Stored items
____________________

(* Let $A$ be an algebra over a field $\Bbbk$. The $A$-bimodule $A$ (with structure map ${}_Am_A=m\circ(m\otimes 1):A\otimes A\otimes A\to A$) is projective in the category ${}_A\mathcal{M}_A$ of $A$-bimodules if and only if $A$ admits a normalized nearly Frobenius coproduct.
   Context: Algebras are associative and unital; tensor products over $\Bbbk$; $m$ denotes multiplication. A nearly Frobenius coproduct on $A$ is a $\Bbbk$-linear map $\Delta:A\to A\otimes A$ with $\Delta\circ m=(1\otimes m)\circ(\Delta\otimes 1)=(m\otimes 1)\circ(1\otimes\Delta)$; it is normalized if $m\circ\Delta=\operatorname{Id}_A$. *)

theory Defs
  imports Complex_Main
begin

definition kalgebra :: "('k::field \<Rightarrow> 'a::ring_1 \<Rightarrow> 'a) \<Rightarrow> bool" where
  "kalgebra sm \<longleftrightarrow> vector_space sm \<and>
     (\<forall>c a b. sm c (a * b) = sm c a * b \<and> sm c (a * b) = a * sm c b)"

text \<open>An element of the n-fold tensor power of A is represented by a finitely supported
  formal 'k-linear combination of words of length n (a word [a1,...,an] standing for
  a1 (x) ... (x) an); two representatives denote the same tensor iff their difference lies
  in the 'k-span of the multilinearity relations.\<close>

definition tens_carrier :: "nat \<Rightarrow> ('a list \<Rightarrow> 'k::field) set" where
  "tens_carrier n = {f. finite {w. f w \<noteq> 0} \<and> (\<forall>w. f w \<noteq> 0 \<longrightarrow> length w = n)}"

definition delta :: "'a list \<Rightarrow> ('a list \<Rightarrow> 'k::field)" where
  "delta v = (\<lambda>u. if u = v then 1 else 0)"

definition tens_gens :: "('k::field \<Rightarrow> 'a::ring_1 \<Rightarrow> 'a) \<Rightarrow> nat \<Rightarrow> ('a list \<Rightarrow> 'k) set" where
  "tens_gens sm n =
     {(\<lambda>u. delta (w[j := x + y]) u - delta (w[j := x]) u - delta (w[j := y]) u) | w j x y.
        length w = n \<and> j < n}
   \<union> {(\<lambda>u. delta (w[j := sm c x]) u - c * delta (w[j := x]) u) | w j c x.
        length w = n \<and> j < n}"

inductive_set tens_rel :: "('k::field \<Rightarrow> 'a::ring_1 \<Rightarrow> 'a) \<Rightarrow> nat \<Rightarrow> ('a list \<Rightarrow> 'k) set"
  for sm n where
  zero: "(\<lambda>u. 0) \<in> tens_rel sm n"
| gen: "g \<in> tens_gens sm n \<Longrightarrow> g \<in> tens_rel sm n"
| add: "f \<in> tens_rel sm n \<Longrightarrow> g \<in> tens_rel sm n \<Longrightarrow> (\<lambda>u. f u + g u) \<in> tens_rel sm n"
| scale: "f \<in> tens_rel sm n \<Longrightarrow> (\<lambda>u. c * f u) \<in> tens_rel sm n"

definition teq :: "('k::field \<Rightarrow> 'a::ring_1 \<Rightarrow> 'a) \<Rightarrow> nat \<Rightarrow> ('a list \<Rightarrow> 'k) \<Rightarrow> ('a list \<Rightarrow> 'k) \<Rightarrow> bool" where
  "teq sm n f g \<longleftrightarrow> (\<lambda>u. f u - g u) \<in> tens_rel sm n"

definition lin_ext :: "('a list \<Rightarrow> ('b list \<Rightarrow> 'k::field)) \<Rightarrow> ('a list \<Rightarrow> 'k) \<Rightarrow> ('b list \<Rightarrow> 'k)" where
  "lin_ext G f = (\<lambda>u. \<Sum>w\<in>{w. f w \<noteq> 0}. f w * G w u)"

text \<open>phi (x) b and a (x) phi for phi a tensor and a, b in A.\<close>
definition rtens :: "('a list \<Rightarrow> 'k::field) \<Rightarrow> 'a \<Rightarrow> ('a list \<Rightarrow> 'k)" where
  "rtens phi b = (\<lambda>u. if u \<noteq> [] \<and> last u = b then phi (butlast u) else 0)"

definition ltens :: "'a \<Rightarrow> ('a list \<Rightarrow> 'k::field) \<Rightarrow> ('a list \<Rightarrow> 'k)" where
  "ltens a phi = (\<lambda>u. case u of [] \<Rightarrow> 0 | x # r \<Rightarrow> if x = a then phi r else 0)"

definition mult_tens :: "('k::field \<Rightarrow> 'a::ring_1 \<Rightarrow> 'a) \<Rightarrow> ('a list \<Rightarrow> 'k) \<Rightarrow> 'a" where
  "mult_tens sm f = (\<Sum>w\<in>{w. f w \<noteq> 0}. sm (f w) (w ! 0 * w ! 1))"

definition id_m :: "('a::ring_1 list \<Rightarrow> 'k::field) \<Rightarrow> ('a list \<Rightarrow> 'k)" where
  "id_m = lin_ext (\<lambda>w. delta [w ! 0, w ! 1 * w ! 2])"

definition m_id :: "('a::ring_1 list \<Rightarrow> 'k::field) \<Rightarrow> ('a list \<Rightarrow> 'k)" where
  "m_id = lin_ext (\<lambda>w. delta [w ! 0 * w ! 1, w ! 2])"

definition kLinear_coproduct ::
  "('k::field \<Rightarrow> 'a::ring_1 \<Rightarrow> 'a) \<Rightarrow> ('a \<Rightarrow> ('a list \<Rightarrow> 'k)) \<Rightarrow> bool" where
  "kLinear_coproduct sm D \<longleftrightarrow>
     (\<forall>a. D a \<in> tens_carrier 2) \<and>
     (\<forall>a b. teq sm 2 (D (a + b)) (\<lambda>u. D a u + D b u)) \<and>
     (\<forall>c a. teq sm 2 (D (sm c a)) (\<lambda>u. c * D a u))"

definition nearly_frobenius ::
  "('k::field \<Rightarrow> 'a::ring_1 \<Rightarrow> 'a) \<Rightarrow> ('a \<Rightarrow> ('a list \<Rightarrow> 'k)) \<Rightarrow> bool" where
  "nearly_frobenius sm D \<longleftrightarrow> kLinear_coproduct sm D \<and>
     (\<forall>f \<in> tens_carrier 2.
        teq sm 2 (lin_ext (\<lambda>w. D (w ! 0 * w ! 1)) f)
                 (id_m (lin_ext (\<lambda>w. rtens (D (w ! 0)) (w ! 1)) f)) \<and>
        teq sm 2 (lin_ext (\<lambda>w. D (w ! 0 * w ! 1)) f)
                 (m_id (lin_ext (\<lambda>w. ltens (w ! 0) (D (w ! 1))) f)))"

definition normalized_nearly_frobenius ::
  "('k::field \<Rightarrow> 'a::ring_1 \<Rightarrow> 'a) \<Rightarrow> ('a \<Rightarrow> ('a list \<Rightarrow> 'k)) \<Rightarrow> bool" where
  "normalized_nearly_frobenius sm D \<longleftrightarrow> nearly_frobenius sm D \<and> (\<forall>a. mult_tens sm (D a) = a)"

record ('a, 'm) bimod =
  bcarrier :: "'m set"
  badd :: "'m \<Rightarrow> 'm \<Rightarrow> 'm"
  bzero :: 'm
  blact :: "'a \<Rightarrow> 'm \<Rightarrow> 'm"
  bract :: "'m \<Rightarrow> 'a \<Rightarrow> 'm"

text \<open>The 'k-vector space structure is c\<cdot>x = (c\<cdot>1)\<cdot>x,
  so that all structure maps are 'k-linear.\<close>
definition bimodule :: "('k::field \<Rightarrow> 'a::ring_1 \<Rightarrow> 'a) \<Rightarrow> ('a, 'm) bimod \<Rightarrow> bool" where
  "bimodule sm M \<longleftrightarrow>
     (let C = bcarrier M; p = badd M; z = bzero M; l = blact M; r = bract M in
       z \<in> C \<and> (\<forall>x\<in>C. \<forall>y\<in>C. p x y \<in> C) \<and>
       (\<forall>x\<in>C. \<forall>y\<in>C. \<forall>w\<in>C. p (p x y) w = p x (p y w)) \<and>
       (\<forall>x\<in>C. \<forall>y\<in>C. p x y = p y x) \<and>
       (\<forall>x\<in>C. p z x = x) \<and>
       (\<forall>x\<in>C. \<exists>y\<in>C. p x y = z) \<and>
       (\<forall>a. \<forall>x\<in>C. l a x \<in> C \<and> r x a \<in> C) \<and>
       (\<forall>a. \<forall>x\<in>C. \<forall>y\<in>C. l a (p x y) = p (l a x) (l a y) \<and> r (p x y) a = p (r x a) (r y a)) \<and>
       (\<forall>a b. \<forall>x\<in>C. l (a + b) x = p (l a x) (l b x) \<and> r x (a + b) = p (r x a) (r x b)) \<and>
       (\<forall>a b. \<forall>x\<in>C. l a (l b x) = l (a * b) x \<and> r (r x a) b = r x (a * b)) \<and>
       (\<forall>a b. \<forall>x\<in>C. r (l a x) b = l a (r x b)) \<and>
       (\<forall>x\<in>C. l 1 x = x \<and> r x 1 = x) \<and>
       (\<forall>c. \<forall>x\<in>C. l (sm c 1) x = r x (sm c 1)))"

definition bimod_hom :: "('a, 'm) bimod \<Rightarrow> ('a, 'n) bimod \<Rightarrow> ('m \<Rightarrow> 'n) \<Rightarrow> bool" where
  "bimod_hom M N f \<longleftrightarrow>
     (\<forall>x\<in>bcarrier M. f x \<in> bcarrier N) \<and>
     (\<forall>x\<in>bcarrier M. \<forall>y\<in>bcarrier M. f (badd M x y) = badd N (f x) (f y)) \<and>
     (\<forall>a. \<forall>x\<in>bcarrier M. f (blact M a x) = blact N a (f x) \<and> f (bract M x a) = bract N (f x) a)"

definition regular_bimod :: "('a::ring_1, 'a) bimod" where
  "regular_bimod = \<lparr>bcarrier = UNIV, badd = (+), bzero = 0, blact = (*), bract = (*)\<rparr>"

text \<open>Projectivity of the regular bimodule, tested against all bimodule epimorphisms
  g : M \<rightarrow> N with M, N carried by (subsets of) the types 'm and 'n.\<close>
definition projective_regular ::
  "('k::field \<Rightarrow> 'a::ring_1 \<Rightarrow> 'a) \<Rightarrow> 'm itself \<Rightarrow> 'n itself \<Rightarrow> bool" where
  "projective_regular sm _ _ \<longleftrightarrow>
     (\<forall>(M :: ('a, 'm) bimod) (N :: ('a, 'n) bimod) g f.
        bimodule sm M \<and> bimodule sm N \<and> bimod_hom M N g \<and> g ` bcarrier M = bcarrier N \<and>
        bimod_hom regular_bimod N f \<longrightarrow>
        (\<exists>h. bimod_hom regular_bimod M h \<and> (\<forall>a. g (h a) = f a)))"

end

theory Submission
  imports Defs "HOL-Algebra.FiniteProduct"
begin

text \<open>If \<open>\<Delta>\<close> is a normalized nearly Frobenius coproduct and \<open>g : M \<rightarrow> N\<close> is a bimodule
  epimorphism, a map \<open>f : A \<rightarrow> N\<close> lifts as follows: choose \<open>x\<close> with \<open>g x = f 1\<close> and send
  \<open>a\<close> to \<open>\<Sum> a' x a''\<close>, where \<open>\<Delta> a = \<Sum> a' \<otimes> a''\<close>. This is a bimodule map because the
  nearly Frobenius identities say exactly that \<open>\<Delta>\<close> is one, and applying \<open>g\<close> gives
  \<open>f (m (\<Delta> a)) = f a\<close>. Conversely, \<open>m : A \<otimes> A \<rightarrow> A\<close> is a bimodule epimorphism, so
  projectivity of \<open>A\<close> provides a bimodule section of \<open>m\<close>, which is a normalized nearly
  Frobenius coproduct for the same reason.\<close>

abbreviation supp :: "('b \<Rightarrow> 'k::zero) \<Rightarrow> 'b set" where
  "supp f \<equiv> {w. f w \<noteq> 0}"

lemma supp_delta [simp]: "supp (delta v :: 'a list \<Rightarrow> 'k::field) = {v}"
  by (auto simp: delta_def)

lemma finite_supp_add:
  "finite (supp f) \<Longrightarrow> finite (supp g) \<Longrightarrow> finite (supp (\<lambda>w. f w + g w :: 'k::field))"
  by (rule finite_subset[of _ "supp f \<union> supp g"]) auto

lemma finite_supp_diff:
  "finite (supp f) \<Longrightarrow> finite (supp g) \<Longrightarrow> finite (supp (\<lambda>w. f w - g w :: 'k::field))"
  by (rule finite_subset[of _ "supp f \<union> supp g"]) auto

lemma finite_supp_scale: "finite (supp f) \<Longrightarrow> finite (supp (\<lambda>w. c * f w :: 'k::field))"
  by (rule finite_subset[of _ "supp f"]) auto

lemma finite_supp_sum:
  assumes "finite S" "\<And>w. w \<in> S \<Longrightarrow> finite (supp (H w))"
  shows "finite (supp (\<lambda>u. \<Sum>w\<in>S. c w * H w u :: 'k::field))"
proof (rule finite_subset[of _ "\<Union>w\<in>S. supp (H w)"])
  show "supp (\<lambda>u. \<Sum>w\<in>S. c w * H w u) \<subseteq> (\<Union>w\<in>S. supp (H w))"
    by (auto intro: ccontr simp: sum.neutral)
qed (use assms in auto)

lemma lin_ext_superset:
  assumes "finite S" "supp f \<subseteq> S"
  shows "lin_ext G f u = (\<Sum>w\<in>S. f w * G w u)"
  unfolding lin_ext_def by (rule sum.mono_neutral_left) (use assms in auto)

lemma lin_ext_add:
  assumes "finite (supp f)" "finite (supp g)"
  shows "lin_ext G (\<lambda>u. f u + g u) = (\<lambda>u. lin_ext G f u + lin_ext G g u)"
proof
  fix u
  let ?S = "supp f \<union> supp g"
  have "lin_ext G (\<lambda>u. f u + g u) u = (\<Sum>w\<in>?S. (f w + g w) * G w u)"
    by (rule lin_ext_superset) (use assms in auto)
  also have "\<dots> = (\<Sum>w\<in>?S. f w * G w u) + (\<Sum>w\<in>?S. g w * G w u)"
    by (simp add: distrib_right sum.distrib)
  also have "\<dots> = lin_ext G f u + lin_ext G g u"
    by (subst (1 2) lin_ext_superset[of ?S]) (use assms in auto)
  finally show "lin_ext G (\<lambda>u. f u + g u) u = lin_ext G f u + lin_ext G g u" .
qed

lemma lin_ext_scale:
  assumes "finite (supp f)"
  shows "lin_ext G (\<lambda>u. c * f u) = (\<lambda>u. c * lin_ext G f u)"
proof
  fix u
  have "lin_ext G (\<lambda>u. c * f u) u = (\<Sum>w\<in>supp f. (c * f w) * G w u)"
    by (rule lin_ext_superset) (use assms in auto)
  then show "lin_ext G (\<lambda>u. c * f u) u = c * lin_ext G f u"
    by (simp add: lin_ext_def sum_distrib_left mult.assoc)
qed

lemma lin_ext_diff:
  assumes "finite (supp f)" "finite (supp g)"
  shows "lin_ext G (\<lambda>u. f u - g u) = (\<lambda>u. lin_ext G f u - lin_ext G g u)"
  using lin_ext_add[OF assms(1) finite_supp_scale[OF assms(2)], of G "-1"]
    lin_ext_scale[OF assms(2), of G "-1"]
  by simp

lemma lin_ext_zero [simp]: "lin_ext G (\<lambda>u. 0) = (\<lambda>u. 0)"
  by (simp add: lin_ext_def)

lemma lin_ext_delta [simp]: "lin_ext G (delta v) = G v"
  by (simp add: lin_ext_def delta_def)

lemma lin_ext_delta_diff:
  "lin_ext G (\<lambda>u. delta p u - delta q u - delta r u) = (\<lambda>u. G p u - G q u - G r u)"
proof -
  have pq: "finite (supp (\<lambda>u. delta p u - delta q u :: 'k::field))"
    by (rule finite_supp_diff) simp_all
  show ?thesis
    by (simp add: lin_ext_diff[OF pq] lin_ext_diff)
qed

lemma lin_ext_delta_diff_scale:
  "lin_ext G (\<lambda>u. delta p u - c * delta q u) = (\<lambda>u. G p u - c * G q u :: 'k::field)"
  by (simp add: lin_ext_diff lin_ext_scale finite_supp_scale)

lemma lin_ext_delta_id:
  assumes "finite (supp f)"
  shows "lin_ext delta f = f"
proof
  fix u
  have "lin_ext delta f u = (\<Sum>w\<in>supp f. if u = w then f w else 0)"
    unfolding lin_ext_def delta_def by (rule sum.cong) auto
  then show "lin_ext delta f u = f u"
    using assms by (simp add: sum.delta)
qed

____________________

TO DO: Look above for the line holding "(\<forall>c. \<forall>x\<in>C. l" and the line holding "epimorphism, a map". Retype both, and every line between them, word for word and nothing else.

ANSWER TO THIS PROBLEM:
       (\<forall>c. \<forall>x\<in>C. l (sm c 1) x = r x (sm c 1)))"

definition bimod_hom :: "('a, 'm) bimod \<Rightarrow> ('a, 'n) bimod \<Rightarrow> ('m \<Rightarrow> 'n) \<Rightarrow> bool" where
  "bimod_hom M N f \<longleftrightarrow>
     (\<forall>x\<in>bcarrier M. f x \<in> bcarrier N) \<and>
     (\<forall>x\<in>bcarrier M. \<forall>y\<in>bcarrier M. f (badd M x y) = badd N (f x) (f y)) \<and>
     (\<forall>a. \<forall>x\<in>bcarrier M. f (blact M a x) = blact N a (f x) \<and> f (bract M x a) = bract N (f x) a)"

definition regular_bimod :: "('a::ring_1, 'a) bimod" where
  "regular_bimod = \<lparr>bcarrier = UNIV, badd = (+), bzero = 0, blact = (*), bract = (*)\<rparr>"

text \<open>Projectivity of the regular bimodule, tested against all bimodule epimorphisms
  g : M \<rightarrow> N with M, N carried by (subsets of) the types 'm and 'n.\<close>
definition projective_regular ::
  "('k::field \<Rightarrow> 'a::ring_1 \<Rightarrow> 'a) \<Rightarrow> 'm itself \<Rightarrow> 'n itself \<Rightarrow> bool" where
  "projective_regular sm _ _ \<longleftrightarrow>
     (\<forall>(M :: ('a, 'm) bimod) (N :: ('a, 'n) bimod) g f.
        bimodule sm M \<and> bimodule sm N \<and> bimod_hom M N g \<and> g ` bcarrier M = bcarrier N \<and>
        bimod_hom regular_bimod N f \<longrightarrow>
        (\<exists>h. bimod_hom regular_bimod M h \<and> (\<forall>a. g (h a) = f a)))"

end

theory Submission
  imports Defs "HOL-Algebra.FiniteProduct"
begin

text \<open>If \<open>\<Delta>\<close> is a normalized nearly Frobenius coproduct and \<open>g : M \<rightarrow> N\<close> is a bimodule
  epimorphism, a map \<open>f : A \<rightarrow> N\<close> lifts as follows: choose \<open>x\<close> with \<open>g x = f 1\<close> and send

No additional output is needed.